──────── DATASET EXCERPTS ────────

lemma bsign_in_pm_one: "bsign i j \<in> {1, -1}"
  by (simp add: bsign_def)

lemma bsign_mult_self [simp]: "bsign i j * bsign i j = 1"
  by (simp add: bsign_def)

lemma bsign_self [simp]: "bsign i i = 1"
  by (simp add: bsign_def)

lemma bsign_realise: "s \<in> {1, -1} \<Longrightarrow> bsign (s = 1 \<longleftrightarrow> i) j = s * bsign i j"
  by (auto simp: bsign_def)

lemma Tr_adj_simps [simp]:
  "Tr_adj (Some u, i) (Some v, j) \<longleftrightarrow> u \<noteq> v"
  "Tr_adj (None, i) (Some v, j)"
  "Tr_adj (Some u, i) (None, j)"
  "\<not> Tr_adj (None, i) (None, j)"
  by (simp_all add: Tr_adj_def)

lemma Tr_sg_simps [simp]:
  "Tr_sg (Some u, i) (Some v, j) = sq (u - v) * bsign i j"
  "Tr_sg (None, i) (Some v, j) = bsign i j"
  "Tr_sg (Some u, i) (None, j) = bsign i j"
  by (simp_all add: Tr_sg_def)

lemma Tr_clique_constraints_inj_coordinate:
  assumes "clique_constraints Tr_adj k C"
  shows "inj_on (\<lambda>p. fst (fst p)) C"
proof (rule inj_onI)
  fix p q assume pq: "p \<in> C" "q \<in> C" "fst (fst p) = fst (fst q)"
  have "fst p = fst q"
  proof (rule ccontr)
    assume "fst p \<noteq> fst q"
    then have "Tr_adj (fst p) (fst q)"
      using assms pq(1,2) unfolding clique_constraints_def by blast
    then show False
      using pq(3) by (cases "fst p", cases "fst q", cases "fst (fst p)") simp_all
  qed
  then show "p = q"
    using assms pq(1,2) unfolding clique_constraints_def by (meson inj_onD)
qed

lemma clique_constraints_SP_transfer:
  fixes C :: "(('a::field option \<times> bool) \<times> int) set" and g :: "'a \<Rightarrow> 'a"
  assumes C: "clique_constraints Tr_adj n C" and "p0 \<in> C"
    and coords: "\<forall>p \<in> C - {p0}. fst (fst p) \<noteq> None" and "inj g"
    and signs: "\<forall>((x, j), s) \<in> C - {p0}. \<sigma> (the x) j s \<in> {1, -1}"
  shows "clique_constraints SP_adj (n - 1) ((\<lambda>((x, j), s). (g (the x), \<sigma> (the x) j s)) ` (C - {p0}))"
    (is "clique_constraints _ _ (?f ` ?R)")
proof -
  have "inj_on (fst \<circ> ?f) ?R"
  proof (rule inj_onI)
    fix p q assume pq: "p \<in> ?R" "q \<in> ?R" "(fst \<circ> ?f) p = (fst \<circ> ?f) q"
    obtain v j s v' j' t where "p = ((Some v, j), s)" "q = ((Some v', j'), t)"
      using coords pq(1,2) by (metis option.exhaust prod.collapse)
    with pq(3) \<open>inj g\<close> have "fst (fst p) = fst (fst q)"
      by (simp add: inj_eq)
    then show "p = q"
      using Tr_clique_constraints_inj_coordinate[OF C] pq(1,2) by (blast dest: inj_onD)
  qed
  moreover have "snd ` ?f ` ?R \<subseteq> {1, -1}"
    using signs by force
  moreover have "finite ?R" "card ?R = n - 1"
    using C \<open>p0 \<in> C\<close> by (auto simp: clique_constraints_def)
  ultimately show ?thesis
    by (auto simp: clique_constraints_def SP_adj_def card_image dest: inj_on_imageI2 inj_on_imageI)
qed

────────

• TASK GOAL: The whole listing above should be copied out exactly, line by line.

• WRITTEN REPLY:
lemma bsign_in_pm_one: "bsign i j \<in> {1, -1}"
  by (simp add: bsign_def)

lemma bsign_mult_self [simp]: "bsign i j * bsign i j = 1"
  by (simp add: bsign_def)

lemma bsign_self [simp]: "bsign i i = 1"
  by (simp add: bsign_def)

lemma bsign_realise: "s \<in> {1, -1} \<Longrightarrow> bsign (s = 1 \<longleftrightarrow> i) j = s * bsign i j"
  by (auto simp: bsign_def)

lemma Tr_adj_simps [simp]:
  "Tr_adj (Some u, i) (Some v, j) \<longleftrightarrow> u \<noteq> v"
  "Tr_adj (None, i) (Some v, j)"
  "Tr_adj (Some u, i) (None, j)"
  "\<not> Tr_adj (None, i) (None, j)"
  by (simp_all add: Tr_adj_def)

lemma Tr_sg_simps [simp]:
  "Tr_sg (Some u, i) (Some v, j) = sq (u - v) * bsign i j"
  "Tr_sg (None, i) (Some v, j) = bsign i j"
  "Tr_sg (Some u, i) (None, j) = bsign i j"
  by (simp_all add: Tr_sg_def)

lemma Tr_clique_constraints_inj_coordinate:
  assumes "clique_constraints Tr_adj k C"
  shows "inj_on (\<lambda>p. fst (fst p)) C"
proof (rule inj_onI)
  fix p q assume pq: "p \<in> C" "q \<in> C" "fst (fst p) = fst (fst q)"
  have "fst p = fst q"
  proof (rule ccontr)
    assume "fst p \<noteq> fst q"
    then have "Tr_adj (fst p) (fst q)"
      using assms pq(1,2) unfolding clique_constraints_def by blast
    then show False
      using pq(3) by (cases "fst p", cases "fst q", cases "fst (fst p)") simp_all
  qed
  then show "p = q"
    using assms pq(1,2) unfolding clique_constraints_def by (meson inj_onD)
qed

lemma clique_constraints_SP_transfer:
  fixes C :: "(('a::field option \<times> bool) \<times> int) set" and g :: "'a \<Rightarrow> 'a"
  assumes C: "clique_constraints Tr_adj n C" and "p0 \<in> C"
    and coords: "\<forall>p \<in> C - {p0}. fst (fst p) \<noteq> None" and "inj g"
    and signs: "\<forall>((x, j), s) \<in> C - {p0}. \<sigma> (the x) j s \<in> {1, -1}"
  shows "clique_constraints SP_adj (n - 1) ((\<lambda>((x, j), s). (g (the x), \<sigma> (the x) j s)) ` (C - {p0}))"
    (is "clique_constraints _ _ (?f ` ?R)")
proof -
  have "inj_on (fst \<circ> ?f) ?R"
  proof (rule inj_onI)
    fix p q assume pq: "p \<in> ?R" "q \<in> ?R" "(fst \<circ> ?f) p = (fst \<circ> ?f) q"
    obtain v j s v' j' t where "p = ((Some v, j), s)" "q = ((Some v', j'), t)"
      using coords pq(1,2) by (metis option.exhaust prod.collapse)
    with pq(3) \<open>inj g\<close> have "fst (fst p) = fst (fst q)"
      by (simp add: inj_eq)
    then show "p = q"
      using Tr_clique_constraints_inj_coordinate[OF C] pq(1,2) by (blast dest: inj_onD)
  qed
  moreover have "snd ` ?f ` ?R \<subseteq> {1, -1}"
    using signs by force
  moreover have "finite ?R" "card ?R = n - 1"
    using C \<open>p0 \<in> C\<close> by (auto simp: clique_constraints_def)
  ultimately show ?thesis
    by (auto simp: clique_constraints_def SP_adj_def card_image dest: inj_on_imageI2 inj_on_imageI)
qed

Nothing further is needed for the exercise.